Your task:
Check which lines of the entries that follow hold "demi", then give the number of those lines and nothing more.

Stored data entries:
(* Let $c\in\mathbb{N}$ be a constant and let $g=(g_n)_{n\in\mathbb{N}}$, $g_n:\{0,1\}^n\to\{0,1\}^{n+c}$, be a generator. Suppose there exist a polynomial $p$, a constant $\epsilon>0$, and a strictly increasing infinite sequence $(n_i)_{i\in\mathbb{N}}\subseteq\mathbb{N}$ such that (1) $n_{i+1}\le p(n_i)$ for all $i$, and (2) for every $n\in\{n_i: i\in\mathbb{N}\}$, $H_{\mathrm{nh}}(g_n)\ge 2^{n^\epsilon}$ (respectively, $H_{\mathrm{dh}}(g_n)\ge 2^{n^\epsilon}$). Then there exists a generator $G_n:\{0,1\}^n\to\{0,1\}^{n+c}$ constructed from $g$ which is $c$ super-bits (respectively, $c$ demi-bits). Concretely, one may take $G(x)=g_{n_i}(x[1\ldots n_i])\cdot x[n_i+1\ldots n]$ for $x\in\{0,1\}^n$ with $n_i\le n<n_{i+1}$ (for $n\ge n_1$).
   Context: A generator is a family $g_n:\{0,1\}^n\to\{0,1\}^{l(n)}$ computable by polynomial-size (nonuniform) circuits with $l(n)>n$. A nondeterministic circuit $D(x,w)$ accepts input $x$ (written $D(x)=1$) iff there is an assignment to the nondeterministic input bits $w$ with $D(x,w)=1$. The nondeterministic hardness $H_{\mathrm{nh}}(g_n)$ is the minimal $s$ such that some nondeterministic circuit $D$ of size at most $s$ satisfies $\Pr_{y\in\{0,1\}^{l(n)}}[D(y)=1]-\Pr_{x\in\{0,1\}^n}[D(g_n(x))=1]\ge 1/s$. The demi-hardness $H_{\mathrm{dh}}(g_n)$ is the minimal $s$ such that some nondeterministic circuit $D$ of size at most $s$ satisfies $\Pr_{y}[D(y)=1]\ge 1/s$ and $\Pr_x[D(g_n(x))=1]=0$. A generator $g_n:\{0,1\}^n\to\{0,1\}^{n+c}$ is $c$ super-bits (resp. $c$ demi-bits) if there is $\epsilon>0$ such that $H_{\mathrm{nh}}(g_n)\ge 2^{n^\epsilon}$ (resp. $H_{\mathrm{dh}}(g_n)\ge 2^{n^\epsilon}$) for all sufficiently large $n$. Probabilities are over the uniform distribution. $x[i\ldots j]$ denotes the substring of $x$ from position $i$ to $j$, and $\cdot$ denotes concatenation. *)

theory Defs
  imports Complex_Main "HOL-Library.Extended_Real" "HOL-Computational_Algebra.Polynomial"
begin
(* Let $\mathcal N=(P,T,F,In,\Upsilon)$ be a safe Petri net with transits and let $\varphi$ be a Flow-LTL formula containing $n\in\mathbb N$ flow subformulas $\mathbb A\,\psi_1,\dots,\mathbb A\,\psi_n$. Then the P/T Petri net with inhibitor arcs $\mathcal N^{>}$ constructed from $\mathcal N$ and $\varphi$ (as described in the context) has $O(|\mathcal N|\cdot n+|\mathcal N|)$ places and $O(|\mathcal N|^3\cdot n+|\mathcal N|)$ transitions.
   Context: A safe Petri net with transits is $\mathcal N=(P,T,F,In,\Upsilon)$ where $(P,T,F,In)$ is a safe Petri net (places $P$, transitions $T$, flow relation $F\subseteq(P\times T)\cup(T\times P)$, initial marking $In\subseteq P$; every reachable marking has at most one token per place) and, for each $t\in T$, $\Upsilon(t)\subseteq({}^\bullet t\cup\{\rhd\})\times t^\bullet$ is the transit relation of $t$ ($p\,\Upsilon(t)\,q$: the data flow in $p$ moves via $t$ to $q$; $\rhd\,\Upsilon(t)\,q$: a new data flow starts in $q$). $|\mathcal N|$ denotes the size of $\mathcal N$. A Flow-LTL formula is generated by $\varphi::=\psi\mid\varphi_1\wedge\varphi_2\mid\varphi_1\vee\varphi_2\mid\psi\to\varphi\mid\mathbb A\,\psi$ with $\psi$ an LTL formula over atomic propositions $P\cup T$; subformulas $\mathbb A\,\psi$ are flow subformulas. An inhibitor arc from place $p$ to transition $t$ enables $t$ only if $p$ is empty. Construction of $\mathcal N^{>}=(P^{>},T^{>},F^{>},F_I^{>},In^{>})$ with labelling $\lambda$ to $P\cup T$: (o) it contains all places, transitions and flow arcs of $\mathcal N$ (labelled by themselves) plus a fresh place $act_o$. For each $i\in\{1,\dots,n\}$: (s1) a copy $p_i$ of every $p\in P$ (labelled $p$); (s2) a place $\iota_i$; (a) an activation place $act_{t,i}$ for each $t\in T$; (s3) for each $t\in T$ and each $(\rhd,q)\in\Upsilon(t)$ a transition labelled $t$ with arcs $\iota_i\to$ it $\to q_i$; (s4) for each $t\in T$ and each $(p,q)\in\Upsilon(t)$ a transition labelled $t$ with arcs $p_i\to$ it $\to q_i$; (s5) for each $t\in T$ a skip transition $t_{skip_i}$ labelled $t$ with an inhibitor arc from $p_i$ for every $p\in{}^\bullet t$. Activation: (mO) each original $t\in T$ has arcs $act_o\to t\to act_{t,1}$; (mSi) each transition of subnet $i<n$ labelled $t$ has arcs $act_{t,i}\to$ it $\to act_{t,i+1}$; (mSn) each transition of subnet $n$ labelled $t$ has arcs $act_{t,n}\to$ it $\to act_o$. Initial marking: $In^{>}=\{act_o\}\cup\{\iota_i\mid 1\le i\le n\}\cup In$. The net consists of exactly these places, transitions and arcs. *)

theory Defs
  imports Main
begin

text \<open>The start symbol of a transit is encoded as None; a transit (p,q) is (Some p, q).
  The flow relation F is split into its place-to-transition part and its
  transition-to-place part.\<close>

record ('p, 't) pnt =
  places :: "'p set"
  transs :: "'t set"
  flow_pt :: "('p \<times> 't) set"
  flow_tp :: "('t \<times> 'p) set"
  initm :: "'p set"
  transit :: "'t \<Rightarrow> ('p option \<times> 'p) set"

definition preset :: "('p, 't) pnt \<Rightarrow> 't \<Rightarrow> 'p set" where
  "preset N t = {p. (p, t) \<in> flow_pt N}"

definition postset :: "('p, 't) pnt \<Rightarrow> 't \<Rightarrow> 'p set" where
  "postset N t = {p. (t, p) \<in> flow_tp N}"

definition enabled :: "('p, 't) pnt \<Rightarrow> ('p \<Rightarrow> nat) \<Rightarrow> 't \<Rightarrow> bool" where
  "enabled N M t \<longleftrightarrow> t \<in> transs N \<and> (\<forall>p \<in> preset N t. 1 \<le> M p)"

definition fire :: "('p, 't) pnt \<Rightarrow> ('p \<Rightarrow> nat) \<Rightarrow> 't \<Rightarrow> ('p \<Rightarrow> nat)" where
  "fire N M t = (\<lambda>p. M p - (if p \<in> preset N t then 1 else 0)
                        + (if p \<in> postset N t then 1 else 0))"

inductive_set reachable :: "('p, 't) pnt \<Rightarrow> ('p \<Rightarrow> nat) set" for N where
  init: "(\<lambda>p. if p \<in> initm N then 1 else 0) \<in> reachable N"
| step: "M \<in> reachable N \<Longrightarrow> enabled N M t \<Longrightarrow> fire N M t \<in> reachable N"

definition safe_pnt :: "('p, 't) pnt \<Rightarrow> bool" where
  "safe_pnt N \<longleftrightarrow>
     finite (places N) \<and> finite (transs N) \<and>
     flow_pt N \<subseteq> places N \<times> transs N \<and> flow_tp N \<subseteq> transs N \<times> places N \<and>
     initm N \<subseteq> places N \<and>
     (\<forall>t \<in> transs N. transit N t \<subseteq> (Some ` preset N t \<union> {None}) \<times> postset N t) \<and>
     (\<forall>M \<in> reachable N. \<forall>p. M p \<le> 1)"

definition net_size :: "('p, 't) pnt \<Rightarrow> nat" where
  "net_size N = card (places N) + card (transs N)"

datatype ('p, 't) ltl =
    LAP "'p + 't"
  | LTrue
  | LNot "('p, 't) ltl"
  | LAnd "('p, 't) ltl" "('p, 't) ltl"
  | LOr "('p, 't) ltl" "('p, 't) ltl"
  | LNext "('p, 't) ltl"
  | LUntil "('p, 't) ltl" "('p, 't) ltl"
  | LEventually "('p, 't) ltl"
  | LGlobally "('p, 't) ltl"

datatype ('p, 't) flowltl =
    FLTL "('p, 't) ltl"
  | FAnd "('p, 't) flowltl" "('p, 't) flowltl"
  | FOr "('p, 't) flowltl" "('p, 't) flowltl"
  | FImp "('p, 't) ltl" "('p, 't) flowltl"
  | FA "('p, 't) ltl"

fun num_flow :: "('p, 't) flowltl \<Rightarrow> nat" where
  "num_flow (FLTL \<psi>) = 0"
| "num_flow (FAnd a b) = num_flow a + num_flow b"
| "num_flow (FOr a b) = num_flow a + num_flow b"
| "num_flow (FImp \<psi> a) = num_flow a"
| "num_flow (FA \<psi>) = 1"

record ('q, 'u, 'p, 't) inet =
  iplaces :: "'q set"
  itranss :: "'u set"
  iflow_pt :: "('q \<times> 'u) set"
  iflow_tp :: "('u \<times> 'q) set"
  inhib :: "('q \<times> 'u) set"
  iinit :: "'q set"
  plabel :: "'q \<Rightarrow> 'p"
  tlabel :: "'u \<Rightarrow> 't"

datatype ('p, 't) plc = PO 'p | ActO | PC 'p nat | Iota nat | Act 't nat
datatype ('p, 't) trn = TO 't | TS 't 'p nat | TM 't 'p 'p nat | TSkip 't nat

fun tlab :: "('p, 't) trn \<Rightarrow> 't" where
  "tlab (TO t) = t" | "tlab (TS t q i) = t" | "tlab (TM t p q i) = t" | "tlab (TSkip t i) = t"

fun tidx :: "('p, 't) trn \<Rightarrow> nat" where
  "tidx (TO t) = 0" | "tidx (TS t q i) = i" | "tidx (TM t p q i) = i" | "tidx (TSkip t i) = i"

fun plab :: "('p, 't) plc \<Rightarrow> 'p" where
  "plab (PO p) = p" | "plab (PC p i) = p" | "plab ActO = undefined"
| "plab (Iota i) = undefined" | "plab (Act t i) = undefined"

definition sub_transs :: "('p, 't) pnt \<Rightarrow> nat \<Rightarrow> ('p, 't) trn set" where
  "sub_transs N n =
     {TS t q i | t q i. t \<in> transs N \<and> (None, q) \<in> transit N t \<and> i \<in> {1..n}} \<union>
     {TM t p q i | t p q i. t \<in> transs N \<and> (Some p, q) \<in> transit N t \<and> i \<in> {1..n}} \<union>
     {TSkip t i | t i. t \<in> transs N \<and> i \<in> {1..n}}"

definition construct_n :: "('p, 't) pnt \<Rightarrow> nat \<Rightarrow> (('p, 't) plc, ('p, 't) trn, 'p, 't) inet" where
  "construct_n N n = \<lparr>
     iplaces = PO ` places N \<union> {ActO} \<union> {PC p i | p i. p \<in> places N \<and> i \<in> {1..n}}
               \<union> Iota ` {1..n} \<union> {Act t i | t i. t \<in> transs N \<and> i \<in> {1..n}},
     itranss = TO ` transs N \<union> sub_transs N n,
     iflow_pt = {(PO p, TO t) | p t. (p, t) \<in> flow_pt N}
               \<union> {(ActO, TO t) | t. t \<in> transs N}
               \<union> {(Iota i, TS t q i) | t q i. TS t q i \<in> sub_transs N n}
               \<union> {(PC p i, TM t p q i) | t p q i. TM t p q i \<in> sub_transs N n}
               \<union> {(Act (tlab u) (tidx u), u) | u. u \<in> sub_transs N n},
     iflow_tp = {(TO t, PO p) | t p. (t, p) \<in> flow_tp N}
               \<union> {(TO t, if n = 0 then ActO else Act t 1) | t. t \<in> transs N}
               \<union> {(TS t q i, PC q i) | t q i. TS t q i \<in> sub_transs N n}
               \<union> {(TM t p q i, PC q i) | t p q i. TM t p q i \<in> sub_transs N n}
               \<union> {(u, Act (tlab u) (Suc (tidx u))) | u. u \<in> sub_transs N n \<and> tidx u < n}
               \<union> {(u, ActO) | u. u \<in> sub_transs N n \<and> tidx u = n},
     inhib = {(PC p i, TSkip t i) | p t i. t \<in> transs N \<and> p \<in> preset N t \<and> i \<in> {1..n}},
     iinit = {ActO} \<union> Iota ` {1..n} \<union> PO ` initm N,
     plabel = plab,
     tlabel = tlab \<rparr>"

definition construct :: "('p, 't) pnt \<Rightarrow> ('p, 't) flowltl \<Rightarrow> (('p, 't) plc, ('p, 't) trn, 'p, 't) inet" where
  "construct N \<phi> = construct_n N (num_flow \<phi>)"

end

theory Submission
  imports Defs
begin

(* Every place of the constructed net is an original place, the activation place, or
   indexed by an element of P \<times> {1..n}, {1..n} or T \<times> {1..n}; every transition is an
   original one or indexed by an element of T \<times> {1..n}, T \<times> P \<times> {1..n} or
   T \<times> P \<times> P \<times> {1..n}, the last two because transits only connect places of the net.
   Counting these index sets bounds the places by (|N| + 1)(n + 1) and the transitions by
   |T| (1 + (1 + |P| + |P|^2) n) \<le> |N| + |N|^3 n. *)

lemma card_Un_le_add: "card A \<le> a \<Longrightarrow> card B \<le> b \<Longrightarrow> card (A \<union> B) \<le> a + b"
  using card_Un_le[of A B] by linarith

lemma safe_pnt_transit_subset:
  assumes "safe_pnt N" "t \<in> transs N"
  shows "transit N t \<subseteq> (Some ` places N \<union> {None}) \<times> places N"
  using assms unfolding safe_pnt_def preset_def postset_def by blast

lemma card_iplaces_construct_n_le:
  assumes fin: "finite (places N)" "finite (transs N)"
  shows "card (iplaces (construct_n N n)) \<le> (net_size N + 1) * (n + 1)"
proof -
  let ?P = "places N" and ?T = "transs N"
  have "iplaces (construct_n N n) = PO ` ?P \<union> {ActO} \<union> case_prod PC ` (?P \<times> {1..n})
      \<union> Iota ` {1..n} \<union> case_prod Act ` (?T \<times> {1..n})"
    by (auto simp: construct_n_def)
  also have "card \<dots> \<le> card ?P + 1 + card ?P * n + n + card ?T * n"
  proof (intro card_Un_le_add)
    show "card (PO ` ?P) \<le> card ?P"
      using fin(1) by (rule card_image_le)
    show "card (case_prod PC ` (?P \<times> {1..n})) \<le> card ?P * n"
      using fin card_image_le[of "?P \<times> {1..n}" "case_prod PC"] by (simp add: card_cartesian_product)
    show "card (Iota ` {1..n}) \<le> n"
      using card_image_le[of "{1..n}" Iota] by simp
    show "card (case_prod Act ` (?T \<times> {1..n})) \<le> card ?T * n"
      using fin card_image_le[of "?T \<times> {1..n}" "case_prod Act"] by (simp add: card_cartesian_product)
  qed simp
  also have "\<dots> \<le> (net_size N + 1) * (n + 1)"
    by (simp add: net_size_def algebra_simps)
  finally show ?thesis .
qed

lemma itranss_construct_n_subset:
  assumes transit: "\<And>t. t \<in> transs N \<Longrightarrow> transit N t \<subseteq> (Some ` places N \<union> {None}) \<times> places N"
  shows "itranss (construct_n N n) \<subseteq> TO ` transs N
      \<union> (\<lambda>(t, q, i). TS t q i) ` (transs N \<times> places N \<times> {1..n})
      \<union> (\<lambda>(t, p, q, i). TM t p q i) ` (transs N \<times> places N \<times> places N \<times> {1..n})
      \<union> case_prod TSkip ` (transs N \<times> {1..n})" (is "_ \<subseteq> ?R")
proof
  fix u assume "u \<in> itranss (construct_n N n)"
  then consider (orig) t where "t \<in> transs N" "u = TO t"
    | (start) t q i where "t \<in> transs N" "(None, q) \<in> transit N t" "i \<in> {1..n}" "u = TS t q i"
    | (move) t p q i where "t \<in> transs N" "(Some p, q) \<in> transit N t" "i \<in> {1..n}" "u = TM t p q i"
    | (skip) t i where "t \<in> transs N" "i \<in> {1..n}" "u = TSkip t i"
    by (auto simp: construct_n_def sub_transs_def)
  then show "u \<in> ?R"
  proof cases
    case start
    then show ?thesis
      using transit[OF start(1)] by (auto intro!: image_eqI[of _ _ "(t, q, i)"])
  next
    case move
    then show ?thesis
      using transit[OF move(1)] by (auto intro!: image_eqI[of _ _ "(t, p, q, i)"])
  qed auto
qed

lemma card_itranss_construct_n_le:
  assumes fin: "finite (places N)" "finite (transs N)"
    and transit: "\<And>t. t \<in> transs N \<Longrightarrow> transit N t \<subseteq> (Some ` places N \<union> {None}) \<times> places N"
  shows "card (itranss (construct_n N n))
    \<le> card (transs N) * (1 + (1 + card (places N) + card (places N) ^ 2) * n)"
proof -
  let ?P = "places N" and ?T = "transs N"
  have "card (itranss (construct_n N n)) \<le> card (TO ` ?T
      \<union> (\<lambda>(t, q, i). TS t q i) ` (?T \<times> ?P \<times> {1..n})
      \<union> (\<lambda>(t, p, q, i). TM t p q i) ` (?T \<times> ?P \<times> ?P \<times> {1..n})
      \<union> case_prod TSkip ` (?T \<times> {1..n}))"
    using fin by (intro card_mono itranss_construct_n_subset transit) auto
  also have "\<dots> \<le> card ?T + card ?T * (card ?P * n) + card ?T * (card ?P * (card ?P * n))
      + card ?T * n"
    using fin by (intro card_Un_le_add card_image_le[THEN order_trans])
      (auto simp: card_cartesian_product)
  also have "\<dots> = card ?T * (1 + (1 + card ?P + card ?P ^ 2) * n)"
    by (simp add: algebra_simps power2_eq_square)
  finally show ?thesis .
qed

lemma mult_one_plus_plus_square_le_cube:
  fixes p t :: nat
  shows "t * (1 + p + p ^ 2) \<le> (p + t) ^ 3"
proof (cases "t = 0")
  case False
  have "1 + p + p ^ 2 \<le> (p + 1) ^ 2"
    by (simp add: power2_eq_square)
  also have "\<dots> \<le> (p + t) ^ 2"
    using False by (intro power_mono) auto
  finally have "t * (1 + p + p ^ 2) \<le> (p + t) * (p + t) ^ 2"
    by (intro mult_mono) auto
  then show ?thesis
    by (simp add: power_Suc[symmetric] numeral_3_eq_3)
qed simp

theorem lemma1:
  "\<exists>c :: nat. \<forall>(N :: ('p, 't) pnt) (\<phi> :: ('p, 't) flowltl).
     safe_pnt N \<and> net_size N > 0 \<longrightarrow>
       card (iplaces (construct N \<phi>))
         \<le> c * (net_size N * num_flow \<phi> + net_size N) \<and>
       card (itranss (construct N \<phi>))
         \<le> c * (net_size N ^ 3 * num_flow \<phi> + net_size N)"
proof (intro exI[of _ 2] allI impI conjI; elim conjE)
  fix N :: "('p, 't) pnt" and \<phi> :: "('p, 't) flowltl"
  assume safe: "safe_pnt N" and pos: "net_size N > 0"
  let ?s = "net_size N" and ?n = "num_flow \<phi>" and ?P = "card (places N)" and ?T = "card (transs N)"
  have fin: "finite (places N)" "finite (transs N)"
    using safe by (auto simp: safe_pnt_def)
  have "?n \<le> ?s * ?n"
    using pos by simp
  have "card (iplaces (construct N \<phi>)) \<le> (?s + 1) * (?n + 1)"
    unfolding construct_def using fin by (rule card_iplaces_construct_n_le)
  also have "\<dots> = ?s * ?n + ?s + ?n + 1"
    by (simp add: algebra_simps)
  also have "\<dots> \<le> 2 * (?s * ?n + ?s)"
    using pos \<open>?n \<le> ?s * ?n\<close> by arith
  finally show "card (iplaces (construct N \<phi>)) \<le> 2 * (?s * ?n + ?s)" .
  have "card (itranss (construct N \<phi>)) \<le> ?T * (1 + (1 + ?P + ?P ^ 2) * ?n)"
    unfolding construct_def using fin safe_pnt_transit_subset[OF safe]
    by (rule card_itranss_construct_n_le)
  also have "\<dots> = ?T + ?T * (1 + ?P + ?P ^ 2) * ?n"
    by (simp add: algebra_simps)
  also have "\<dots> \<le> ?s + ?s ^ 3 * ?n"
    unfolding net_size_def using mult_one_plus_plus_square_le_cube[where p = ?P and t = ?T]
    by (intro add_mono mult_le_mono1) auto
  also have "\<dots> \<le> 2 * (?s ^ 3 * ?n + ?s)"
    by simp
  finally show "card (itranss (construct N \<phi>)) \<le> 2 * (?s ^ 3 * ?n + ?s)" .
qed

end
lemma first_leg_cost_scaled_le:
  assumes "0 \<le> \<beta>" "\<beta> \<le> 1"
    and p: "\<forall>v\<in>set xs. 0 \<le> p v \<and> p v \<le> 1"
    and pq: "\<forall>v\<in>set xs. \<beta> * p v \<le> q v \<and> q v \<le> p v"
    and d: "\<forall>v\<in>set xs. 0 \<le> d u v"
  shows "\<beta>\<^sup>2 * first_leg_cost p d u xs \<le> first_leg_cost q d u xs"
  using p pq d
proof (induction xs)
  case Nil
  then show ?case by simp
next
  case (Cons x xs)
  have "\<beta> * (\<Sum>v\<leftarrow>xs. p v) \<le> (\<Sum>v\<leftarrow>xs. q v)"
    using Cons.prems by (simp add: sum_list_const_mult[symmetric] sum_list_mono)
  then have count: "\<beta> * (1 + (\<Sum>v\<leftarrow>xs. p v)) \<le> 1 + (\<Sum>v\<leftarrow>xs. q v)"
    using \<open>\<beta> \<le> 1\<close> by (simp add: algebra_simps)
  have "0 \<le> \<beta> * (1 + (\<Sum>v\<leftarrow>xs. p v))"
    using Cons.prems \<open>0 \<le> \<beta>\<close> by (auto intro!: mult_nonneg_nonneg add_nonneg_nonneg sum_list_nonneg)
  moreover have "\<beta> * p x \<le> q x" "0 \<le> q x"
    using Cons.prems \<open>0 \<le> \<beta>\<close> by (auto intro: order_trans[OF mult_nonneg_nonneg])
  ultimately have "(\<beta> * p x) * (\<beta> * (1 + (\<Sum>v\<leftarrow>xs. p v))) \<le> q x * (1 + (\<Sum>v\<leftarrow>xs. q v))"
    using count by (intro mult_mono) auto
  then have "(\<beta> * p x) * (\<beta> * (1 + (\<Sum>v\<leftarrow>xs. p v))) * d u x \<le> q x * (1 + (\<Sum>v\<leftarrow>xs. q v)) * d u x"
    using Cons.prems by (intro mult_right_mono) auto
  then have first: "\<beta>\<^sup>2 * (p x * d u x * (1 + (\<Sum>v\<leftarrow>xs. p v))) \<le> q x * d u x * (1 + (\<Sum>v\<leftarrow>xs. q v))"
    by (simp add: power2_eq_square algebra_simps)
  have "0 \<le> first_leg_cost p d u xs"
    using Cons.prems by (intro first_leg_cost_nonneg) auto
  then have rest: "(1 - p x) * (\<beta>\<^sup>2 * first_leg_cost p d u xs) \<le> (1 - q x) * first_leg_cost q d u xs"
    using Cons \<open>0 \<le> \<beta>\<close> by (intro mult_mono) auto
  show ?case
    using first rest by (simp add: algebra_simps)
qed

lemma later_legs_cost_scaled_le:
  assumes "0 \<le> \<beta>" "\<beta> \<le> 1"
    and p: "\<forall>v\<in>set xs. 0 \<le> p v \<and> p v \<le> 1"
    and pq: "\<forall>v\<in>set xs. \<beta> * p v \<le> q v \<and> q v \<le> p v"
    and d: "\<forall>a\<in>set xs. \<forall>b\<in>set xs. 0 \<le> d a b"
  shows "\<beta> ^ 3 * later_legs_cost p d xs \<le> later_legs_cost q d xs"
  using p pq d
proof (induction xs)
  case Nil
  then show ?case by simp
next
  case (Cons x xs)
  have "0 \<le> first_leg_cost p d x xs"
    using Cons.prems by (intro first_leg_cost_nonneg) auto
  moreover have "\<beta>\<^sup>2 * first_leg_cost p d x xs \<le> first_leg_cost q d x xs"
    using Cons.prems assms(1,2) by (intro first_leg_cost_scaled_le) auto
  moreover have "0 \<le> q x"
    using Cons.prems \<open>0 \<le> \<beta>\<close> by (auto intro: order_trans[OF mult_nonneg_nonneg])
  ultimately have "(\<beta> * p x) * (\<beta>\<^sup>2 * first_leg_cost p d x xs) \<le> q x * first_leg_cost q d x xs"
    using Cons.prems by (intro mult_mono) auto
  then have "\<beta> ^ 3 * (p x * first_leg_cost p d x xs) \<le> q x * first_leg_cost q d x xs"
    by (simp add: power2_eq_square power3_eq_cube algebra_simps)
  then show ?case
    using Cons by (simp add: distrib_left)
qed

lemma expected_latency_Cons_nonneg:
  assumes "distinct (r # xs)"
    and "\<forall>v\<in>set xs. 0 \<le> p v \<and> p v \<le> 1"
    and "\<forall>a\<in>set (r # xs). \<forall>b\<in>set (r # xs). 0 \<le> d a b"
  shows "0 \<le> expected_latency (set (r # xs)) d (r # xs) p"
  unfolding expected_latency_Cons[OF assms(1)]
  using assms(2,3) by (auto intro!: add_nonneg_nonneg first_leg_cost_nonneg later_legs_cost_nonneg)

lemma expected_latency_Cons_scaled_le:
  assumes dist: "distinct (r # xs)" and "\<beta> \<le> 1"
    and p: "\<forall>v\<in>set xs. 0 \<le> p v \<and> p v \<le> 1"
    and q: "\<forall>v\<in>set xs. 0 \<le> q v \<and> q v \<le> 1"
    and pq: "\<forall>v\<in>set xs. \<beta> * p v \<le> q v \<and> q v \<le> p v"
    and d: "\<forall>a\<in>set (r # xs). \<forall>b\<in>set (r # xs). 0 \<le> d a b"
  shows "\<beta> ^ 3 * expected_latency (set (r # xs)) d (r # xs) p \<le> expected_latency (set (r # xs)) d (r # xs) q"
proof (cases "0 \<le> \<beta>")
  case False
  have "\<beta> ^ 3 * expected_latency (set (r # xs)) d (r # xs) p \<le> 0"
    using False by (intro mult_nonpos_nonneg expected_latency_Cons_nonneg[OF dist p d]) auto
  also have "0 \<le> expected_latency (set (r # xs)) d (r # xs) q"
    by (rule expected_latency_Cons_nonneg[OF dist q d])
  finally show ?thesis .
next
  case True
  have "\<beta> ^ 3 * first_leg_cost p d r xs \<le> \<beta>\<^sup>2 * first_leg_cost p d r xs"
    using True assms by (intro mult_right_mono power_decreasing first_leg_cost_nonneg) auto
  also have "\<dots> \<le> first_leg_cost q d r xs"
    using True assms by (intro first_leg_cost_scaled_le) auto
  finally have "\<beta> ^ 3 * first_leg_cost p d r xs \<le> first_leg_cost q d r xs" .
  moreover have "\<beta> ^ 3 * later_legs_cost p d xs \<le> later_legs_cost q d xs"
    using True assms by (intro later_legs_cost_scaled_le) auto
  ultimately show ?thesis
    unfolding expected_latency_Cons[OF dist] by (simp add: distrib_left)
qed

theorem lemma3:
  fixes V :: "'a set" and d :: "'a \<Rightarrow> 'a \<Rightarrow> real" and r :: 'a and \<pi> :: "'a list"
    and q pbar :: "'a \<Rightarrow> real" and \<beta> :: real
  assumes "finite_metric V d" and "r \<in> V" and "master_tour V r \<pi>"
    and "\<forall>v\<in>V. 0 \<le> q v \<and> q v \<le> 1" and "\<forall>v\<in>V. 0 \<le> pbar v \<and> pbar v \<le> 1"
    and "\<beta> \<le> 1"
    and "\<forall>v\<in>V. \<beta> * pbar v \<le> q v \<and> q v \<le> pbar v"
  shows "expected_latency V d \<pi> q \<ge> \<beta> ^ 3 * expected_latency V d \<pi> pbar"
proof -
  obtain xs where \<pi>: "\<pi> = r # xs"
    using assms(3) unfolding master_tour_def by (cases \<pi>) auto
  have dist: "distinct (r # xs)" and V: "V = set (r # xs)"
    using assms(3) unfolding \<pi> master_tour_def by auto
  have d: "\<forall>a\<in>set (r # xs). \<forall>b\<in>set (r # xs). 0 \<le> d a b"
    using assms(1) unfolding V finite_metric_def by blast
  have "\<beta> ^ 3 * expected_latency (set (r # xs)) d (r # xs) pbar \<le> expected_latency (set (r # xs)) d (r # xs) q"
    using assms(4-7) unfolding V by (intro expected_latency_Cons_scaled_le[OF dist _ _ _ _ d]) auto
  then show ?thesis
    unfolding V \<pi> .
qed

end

Result:
2